## DATA
----
lemma card_image_le_card_image_if_factors:
  assumes "finite A" "\<And>x y. x \<in> A \<Longrightarrow> y \<in> A \<Longrightarrow> f x = f y \<Longrightarrow> g x = g y"
  shows "card (g ` A) \<le> card (f ` A)"
proof -
  have "g x = g (inv_into A f (f x))" if "x \<in> A" for x
    using that by (intro assms(2)) (simp_all add: inv_into_into f_inv_into_f)
  then have "g ` A = (\<lambda>s. g (inv_into A f s)) ` f ` A"
    unfolding image_image by (rule image_cong[OF refl])
  then show ?thesis using assms(1) by (simp add: card_image_le)
qed

lemma vspace_lower_bound:
  fixes L :: "('a::finite) list set" and A :: "('s, 'a option) salg"
  assumes "L \<noteq> {}" "L \<noteq> UNIV" "is_vsw_alg L A"
  shows "enat (log2floor (card (psi L ` {w. length w \<le> n}))) \<le> vspace A n"
proof -
  define W where "W = {w :: 'a list. length w \<le> n}"
  define F where "F w = enc A (run A (map Some w))" for w
  have "finite W" unfolding W_def by (rule finite_lists_length_le_UNIV)
  have "card (psi L ` W) \<le> card (F ` W)"
  proof (rule card_image_le_card_image_if_factors[OF \<open>finite W\<close>])
    fix x y assume "F x = F y"
    with assms(3) have "run A (map Some x) = run A (map Some y)"
      by (auto simp: F_def is_vsw_alg_def dest: injD)
    then show "psi L x = psi L y" by (rule vsw_alg_same_state_imp_psi_eq[OF assms])
  qed
  moreover have "[] \<in> W" by (simp add: W_def)
  with \<open>finite W\<close> have "0 < card (psi L ` W)" "finite (F ` W)"
    by (auto simp: card_gt_0_iff)
  ultimately obtain w where w: "w \<in> W" "log2floor (card (psi L ` W)) \<le> length (F w)"
    using exists_bool_list_length_ge_log2floor[of "F ` W"] by auto
  have "map Some w \<in> {u. \<forall>i \<le> length u. length (wnd (take i u)) \<le> n}"
    using w(1) by (auto simp: W_def take_map wnd_map_Some)
  moreover have "log2floor (card (psi L ` W)) \<le> space A (map Some w)"
    using w(2) length_enc_run_le_space[of A "map Some w"] by (simp add: F_def)
  ultimately show ?thesis
    unfolding vspace_def W_def by (intro SUP_upper2[where i = "map Some w"]) simp_all
qed

theorem theorem4p1:
  fixes L :: "('a::finite) list set" and n :: nat
  assumes "L \<noteq> {}" and "L \<noteq> UNIV"
  shows "V L n = enat (log2floor (card (psi L ` {w. length w \<le> n})))"
proof (rule antisym)
  obtain A :: "(bool list, 'a option) salg"
    where "is_vsw_alg L A" "vspace A n \<le> enat (log2floor (card (psi L ` {w. length w \<le> n})))"
    using vspace_upper_bound by blast
  then show "V L n \<le> enat (log2floor (card (psi L ` {w. length w \<le> n})))"
    unfolding V_def by (intro INF_lower2[of A]) simp_all
next
  show "enat (log2floor (card (psi L ` {w. length w \<le> n}))) \<le> V L n"
    unfolding V_def using vspace_lower_bound[OF assms] by (intro INF_greatest) simp
qed

end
----
## PROBLEM TO SOLVE
Whenever the word "finite" turns up in a line of the listing above, copy the line.

## TASK SOLUTION
  assumes "finite A" "\<And>x y. x \<in> A \<Longrightarrow> y \<in> A \<Longrightarrow> f x = f y \<Longrightarrow> g x = g y"
  fixes L :: "('a::finite) list set" and A :: "('s, 'a option) salg"
  have "finite W" unfolding W_def by (rule finite_lists_length_le_UNIV)
  proof (rule card_image_le_card_image_if_factors[OF \<open>finite W\<close>])
  with \<open>finite W\<close> have "0 < card (psi L ` W)" "finite (F ` W)"
  fixes L :: "('a::finite) list set" and n :: nat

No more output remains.